Die Umsetzung des Masterplans Breitbandausbau des Kreises geht damit in der Wiehengemeinde schneller an den Start als erwartet. Das hat Bürgermeister Bernd Rührup am Mittwochabend im Bau- und Umweltausschuss hervorgehoben. Nach seiner Einschätzung ist der Glasfaserausbau in etwa einem halben Jahr abgeschlossen und die Haushalte am Netz. „Was sich in Hüllhorst in den vergangenen drei Jahren entwickelt hat, ist ein Quantensprung“, sagte Rührup. Die Verwaltung setze alles daran, in Sachen schnelles Internet so gut wie möglich voranzukommen. „Wir sind einen Schritt weiter als viele andere Kommunen.“ Zumindest im Altkreis Lübbecke seien in den vergangenen vier Jahren in keiner der anderen Gemeinden in diesem Maße Bautätigkeiten bekannt.
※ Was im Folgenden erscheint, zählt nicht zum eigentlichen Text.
lemma inj_on_wedge_map: "inj_on (wedge_map \<nu>) ref_wedge"
proof
  fix p q assume p: "p \<in> ref_wedge" and q: "q \<in> ref_wedge"
    and e: "wedge_map \<nu> p = wedge_map \<nu> q"
  define a b c d where "a = \<nu> 2$1 - \<nu> 1$1" "b = \<nu> 3$1 - \<nu> 1$1"
    "c = \<nu> 2$2 - \<nu> 1$2" "d = \<nu> 3$2 - \<nu> 1$2"
  define x y where "x = p$1 - q$1" "y = p$2 - q$2"
  have D: "a * d - b * c \<noteq> 0" using base_det_nonzero by (simp add: base_det_def a_b_c_d_def)
  have l1: "x * a + y * b = 0" and l2: "x * c + y * d = 0"
    using arg_cong[OF e, of "\<lambda>x. x$1"] arg_cong[OF e, of "\<lambda>x. x$2"]
    unfolding coords a_b_c_d_def x_y_def by (simp_all add: algebra_simps)
  have "x * (a * d - b * c) = d * (x * a + y * b) - b * (x * c + y * d)"
    "y * (a * d - b * c) = a * (x * c + y * d) - c * (x * a + y * b)"
    by (simp_all add: algebra_simps)
  then have "x * (a * d - b * c) = 0" "y * (a * d - b * c) = 0" using l1 l2 by simp_all
  then have r: "p$1 = q$1" and s: "p$2 = q$2" using D by (simp_all add: x_y_def)
  have "p$3 * wedge_height \<nu> (p$1) (p$2) = q$3 * wedge_height \<nu> (p$1) (p$2)"
    using arg_cong[OF e, of "\<lambda>x. x$3"] unfolding coords r s by simp
  then have t: "p$3 = q$3" using wedge_height_nonzero[OF p] by simp
  show "p = q" unfolding Finite_Cartesian_Product.vec_eq_iff forall_3 using r s t by simp
qed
Etwa 1000 Haushalte verfügen über Glasfaseranschluss

Bislang verfügten etwa 1000 Haushalte in Hüllhorst über einen Glasfaserhausanschluss. Innogy habe in Tengern und Ahlsen eine Vorvermarktung gemacht und werde nun kurzfristig den Ausbau für weitere etwa 250 Glasfaserhausanschlüsse starten. „Die Anzahl der unterversorgten beziehungsweise schlecht versorgten Haushalte liegt schätzungsweise noch bei 565 Haushalten (etwa 10,9 Prozent)“, so Rührup. Über den Masterplan des Kreises würden diese seit November mit FTTB (übersetzt „Glasfaser bis zum Gebäude“) erschlossen.
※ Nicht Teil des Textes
(* Let $\mu,\delta,\lambda$ satisfy $\mu\ge\delta>0$ and $\lambda>-\frac{\mu(\mu+3\delta)}{\mu+2\delta}$, and let $$\beta=\min\Big\{\delta,\ \tfrac12\Big(4\mu+\delta+3\lambda-\sqrt{12\mu^2+\delta^2+9\lambda^2-4\mu\delta+20\mu\lambda-2\lambda\delta}\Big)\Big\}>0.$$ Then for every differentiable vector field $\mathbf u:\mathbb{R}^3\supset U\to\mathbb{R}^3$ it holds pointwise $$\beta|\nabla_y\mathbf u|^2\le \mu|\nabla_x\mathbf u|^2+\delta|\partial_z\mathbf u|^2+(\mu+\lambda)|\operatorname{div}_y\mathbf u|^2 .$$
   Context: Points of $\mathbb{R}^3$ are written $y=(x,z)$, $x\in\mathbb{R}^2$, $z\in\mathbb{R}$. $\nabla_x\mathbf u$ is the $3\times2$ matrix of derivatives $\partial_{x_i}u_j$ ($i=1,2$, $j=1,2,3$), $\partial_z\mathbf u$ the vector of $z$-derivatives of the components, $\nabla_y\mathbf u$ the full $3\times3$ Jacobian, $|\cdot|$ Euclidean/Frobenius norms. *)

theory Defs
  imports "HOL-Analysis.Analysis"
begin

text \<open>Points of R^3 are y = (x,z) with x = (y$1, y$2) and z = y$3.
  For u :: real^3 \<Rightarrow> real^3, (jacobian u (at y)) $ j $ i is the partial
  derivative of the j-th component u_j with respect to the i-th coordinate.\<close>

definition grad_y_sq :: "(real^3 \<Rightarrow> real^3) \<Rightarrow> real^3 \<Rightarrow> real" where
  "grad_y_sq u y = (\<Sum>i\<in>UNIV. \<Sum>j\<in>UNIV. (jacobian u (at y) $ j $ i)^2)"

definition grad_x_sq :: "(real^3 \<Rightarrow> real^3) \<Rightarrow> real^3 \<Rightarrow> real" where
  "grad_x_sq u y = (\<Sum>i\<in>{1, 2::3}. \<Sum>j\<in>UNIV. (jacobian u (at y) $ j $ i)^2)"

definition dz_sq :: "(real^3 \<Rightarrow> real^3) \<Rightarrow> real^3 \<Rightarrow> real" where
  "dz_sq u y = (\<Sum>j\<in>UNIV. (jacobian u (at y) $ j $ (3::3))^2)"

definition div_y :: "(real^3 \<Rightarrow> real^3) \<Rightarrow> real^3 \<Rightarrow> real" where
  "div_y u y = trace (jacobian u (at y))"

end

theory Submission
  imports Defs
begin

text \<open>The estimate is pointwise linear algebra in the Jacobian matrix. Off-diagonal
  entries only need \<beta> \<le> \<delta> \<le> \<mu>. For the diagonal entries a1, a2, a3, passing to
  a1 + a2 and a1 - a2 leaves a binary quadratic form in (a1 + a2, a3) whose trace and determinant
  are nonnegative exactly when \<beta> lies below the smaller root of \<beta>^2 - T \<beta> + D, where
  T = 4\<mu> + \<delta> + 3\<lambda> and D = \<mu>^2 + 3\<mu>\<delta> + \<mu>\<lambda> + 2\<lambda>\<delta>. The bound on \<lambda> is
  equivalent to D > 0, which makes that root positive.\<close>

lemma quadratic_nonneg_below_smaller_root:
  fixes T D b :: real
  assumes "0 \<le> T\<^sup>2 - 4 * D" and "b \<le> (T - sqrt (T\<^sup>2 - 4 * D)) / 2"
  shows "0 \<le> b\<^sup>2 - T * b + D" and "2 * b \<le> T"
proof -
  define s where "s = sqrt (T\<^sup>2 - 4 * D)"
  have "0 \<le> s" and s_sq: "s\<^sup>2 = T\<^sup>2 - 4 * D"
    using assms(1) by (simp_all add: s_def)
  have b_le: "b \<le> (T - s) / 2"
    using assms(2) by (simp add: s_def)
  have "D = (T\<^sup>2 - s\<^sup>2) / 4"
    using s_sq by simp
  then have "b\<^sup>2 - T * b + D = (b - (T - s) / 2) * (b - (T + s) / 2)"
    by (simp add: field_simps power2_eq_square)
  also have "0 \<le> \<dots>"
    using b_le \<open>0 \<le> s\<close> by (intro mult_nonpos_nonpos) simp_all
  finally show "0 \<le> b\<^sup>2 - T * b + D" .
  show "2 * b \<le> T"
    using b_le \<open>0 \<le> s\<close> by simp
qed

lemma smaller_root_pos:
  fixes T D :: real
  assumes "0 < D" and "0 < T"
  shows "0 < (T - sqrt (T\<^sup>2 - 4 * D)) / 2"
proof -
  have "sqrt (T\<^sup>2 - 4 * D) < sqrt (T\<^sup>2)"
    using assms(1) by (intro real_sqrt_less_mono) simp
  then show ?thesis
    using assms(2) by simp
qed

lemma quadratic_form_nonneg:
  fixes a h c x y :: real
  assumes "0 \<le> a" and "0 \<le> c" and "h\<^sup>2 \<le> a * c"
  shows "0 \<le> a * x\<^sup>2 + 2 * h * x * y + c * y\<^sup>2"
proof (cases "a = 0")
  case True
  with assms(3) have "h = 0"
    by simp
  with True assms(2) show ?thesis
    by simp
next
  case False
  with assms(1) have "0 < a"
    by simp
  have "a * (a * x\<^sup>2 + 2 * h * x * y + c * y\<^sup>2) = (a * x + h * y)\<^sup>2 + (a * c - h\<^sup>2) * y\<^sup>2"
    by (simp add: algebra_simps power2_eq_square)
  also have "0 \<le> \<dots>"
    using assms(3) by simp
  finally show ?thesis
    using \<open>0 < a\<close> by (simp add: zero_le_mult_iff)
qed

lemma diagonal_quadratic_bound:
  fixes mu delta lam b a1 a2 a3 :: real
  assumes "b \<le> mu" and "2 * b \<le> 4 * mu + delta + 3 * lam"
    and "0 \<le> b\<^sup>2 - (4 * mu + delta + 3 * lam) * b + (mu\<^sup>2 + 3 * mu * delta + mu * lam + 2 * lam * delta)"
  shows "b * (a1\<^sup>2 + a2\<^sup>2 + a3\<^sup>2) \<le> mu * (a1\<^sup>2 + a2\<^sup>2) + delta * a3\<^sup>2 + (mu + lam) * (a1 + a2 + a3)\<^sup>2"
proof -
  define P where "P = 3 * mu + 2 * lam - b"
  define Q where "Q = delta + mu + lam - b"
  have "P * Q = 2 * (mu + lam)\<^sup>2
      + (b\<^sup>2 - (4 * mu + delta + 3 * lam) * b + (mu\<^sup>2 + 3 * mu * delta + mu * lam + 2 * lam * delta))"
    by (simp add: P_def Q_def algebra_simps power2_eq_square)
  with assms(3) have det: "2 * (mu + lam)\<^sup>2 \<le> P * Q"
    by linarith
  then have "0 \<le> P * Q"
    by (smt (verit) zero_le_power2)
  moreover have "0 \<le> P + Q"
    using assms(2) by (simp add: P_def Q_def)
  ultimately have "0 \<le> P" and "0 \<le> Q"
    by (auto simp: zero_le_mult_iff)
  have "0 \<le> (P / 2) * (a1 + a2)\<^sup>2 + 2 * (mu + lam) * (a1 + a2) * a3 + Q * a3\<^sup>2"
    using \<open>0 \<le> P\<close> \<open>0 \<le> Q\<close> det by (intro quadratic_form_nonneg) simp_all
  moreover have "0 \<le> (mu - b) * (a1 - a2)\<^sup>2 / 2"
    using assms(1) by simp
  moreover have "mu * (a1\<^sup>2 + a2\<^sup>2) + delta * a3\<^sup>2 + (mu + lam) * (a1 + a2 + a3)\<^sup>2 - b * (a1\<^sup>2 + a2\<^sup>2 + a3\<^sup>2)
      = (mu - b) * (a1 - a2)\<^sup>2 / 2
        + ((P / 2) * (a1 + a2)\<^sup>2 + 2 * (mu + lam) * (a1 + a2) * a3 + Q * a3\<^sup>2)"
    by (simp add: P_def Q_def field_simps power2_eq_square)
  ultimately show ?thesis
    by linarith
qed

lemma matrix_frobenius_bound:
  fixes M :: "real^3^3" and mu delta lam b :: real
  assumes "b \<le> delta" and "delta \<le> mu" and "2 * b \<le> 4 * mu + delta + 3 * lam"
    and "0 \<le> b\<^sup>2 - (4 * mu + delta + 3 * lam) * b + (mu\<^sup>2 + 3 * mu * delta + mu * lam + 2 * lam * delta)"
  shows "b * (\<Sum>i\<in>UNIV. \<Sum>j\<in>UNIV. (M $ j $ i)\<^sup>2)
    \<le> mu * (\<Sum>i\<in>{1, 2::3}. \<Sum>j\<in>UNIV. (M $ j $ i)\<^sup>2) + delta * (\<Sum>j\<in>UNIV. (M $ j $ 3)\<^sup>2)
      + (mu + lam) * (trace M)\<^sup>2"
proof -
  have "b \<le> mu"
    using assms(1,2) by simp
  have off_diagonal: "b * (M $ j $ i)\<^sup>2 \<le> c * (M $ j $ i)\<^sup>2" if "b \<le> c" for c i j
    using that by (simp add: mult_right_mono)
  have "b * ((M$1$1)\<^sup>2 + (M$2$2)\<^sup>2 + (M$3$3)\<^sup>2)
      \<le> mu * ((M$1$1)\<^sup>2 + (M$2$2)\<^sup>2) + delta * (M$3$3)\<^sup>2 + (mu + lam) * (M$1$1 + M$2$2 + M$3$3)\<^sup>2"
    using \<open>b \<le> mu\<close> assms(3,4) by (rule diagonal_quadratic_bound)
  moreover note off_diagonal[OF \<open>b \<le> mu\<close>, of 2 1] off_diagonal[OF \<open>b \<le> mu\<close>, of 3 1]
    off_diagonal[OF \<open>b \<le> mu\<close>, of 1 2] off_diagonal[OF \<open>b \<le> mu\<close>, of 3 2]
    off_diagonal[OF assms(1), of 1 3] off_diagonal[OF assms(1), of 2 3]
  ultimately show ?thesis
    by (simp add: sum_3 trace_def algebra_simps)
qed

lemma lam_bound_imp_coeffs_pos:
  fixes mu delta lam :: real
  assumes "delta \<le> mu" and "0 < delta" and "- (mu * (mu + 3 * delta) / (mu + 2 * delta)) < lam"
  shows "0 < mu\<^sup>2 + 3 * mu * delta + mu * lam + 2 * lam * delta" and "0 < 4 * mu + delta + 3 * lam"
proof -
  have "0 < mu + 2 * delta"
    using assms(1,2) by simp
  with assms(3) have "- (mu * (mu + 3 * delta)) < lam * (mu + 2 * delta)"
    by (simp add: field_simps)
  then show D_pos: "0 < mu\<^sup>2 + 3 * mu * delta + mu * lam + 2 * lam * delta"
    by (simp add: algebra_simps power2_eq_square)
  have "(mu + 2 * delta) * (4 * mu + delta + 3 * lam)
      = 3 * (mu\<^sup>2 + 3 * mu * delta + mu * lam + 2 * lam * delta) + (mu\<^sup>2 + 2 * delta\<^sup>2)"
    by (simp add: algebra_simps power2_eq_square)
  also have "0 < \<dots>"
    using D_pos assms(2) by (intro add_pos_pos add_nonneg_pos) simp_all
  finally show "0 < 4 * mu + delta + 3 * lam"
    using \<open>0 < mu + 2 * delta\<close> by (simp add: zero_less_mult_iff)
qed

theorem corollary2p2:
  fixes mu delta lam :: real and U :: "(real^3) set" and u :: "real^3 \<Rightarrow> real^3"
  assumes "mu \<ge> delta" and "delta > 0"
    and "lam > - (mu * (mu + 3 * delta) / (mu + 2 * delta))"
    and "open U" and "u differentiable_on U"
  shows "let \<beta> = min delta ((4 * mu + delta + 3 * lam
             - sqrt (12 * mu^2 + delta^2 + 9 * lam^2 - 4 * mu * delta + 20 * mu * lam - 2 * lam * delta)) / 2)
         in \<beta> > 0 \<and>
            (\<forall>y\<in>U. \<beta> * grad_y_sq u y
               \<le> mu * grad_x_sq u y + delta * dz_sq u y + (mu + lam) * (div_y u y)^2)"
proof -
  define T where "T = 4 * mu + delta + 3 * lam"
  define D where "D = mu\<^sup>2 + 3 * mu * delta + mu * lam + 2 * lam * delta"
  have disc: "12 * mu^2 + delta^2 + 9 * lam^2 - 4 * mu * delta + 20 * mu * lam - 2 * lam * delta
      = T\<^sup>2 - 4 * D"
    by (simp add: T_def D_def algebra_simps power2_eq_square)
  have "T\<^sup>2 - 4 * D = (2 * mu + lam - delta)\<^sup>2 + 8 * (mu + lam)\<^sup>2"
    by (simp add: T_def D_def algebra_simps power2_eq_square)
  then have "0 \<le> T\<^sup>2 - 4 * D"
    by simp
  have "0 < D" and "0 < T"
    using lam_bound_imp_coeffs_pos[OF assms(1-3)] by (simp_all add: T_def D_def)
  define \<beta> where "\<beta> = min delta ((T - sqrt (T\<^sup>2 - 4 * D)) / 2)"
  have "0 < \<beta>"
    using assms(2) smaller_root_pos[OF \<open>0 < D\<close> \<open>0 < T\<close>] by (simp add: \<beta>_def)
  have "\<beta> \<le> (T - sqrt (T\<^sup>2 - 4 * D)) / 2"
    unfolding \<beta>_def by (rule min.cobounded2)
  note root = quadratic_nonneg_below_smaller_root[OF \<open>0 \<le> T\<^sup>2 - 4 * D\<close> this]
  \<comment> \<open>The bound holds for every matrix.\<close>
  have pointwise: "\<beta> * grad_y_sq u y \<le> mu * grad_x_sq u y + delta * dz_sq u y + (mu + lam) * (div_y u y)\<^sup>2" for y
    unfolding grad_y_sq_def grad_x_sq_def dz_sq_def div_y_def
    using assms(1) root by (intro matrix_frobenius_bound) (simp_all add: \<beta>_def T_def D_def)
  show ?thesis
    unfolding Let_def disc T_def[symmetric] \<beta>_def[symmetric] using \<open>0 < \<beta>\<close> pointwise by simp
qed

end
In Hüllhorst werden nach Angaben der Verwaltung 2,9 Millionen Euro investiert (zehn Prozent kommunaler Eigenanteil), ein Verteilnetz über 71 Kilometer gebaut und 13 Kilometer Hausanschlüsse verteilt. Geprüft werde aktuell, ob eine Projekterweiterung mit einem weitergehenden Ausbau im Kreis möglich sei. Auch die Firma Innogy prüfe weitere FTTB-Projekte in unterversorgten Gebieten in der Gemeinde.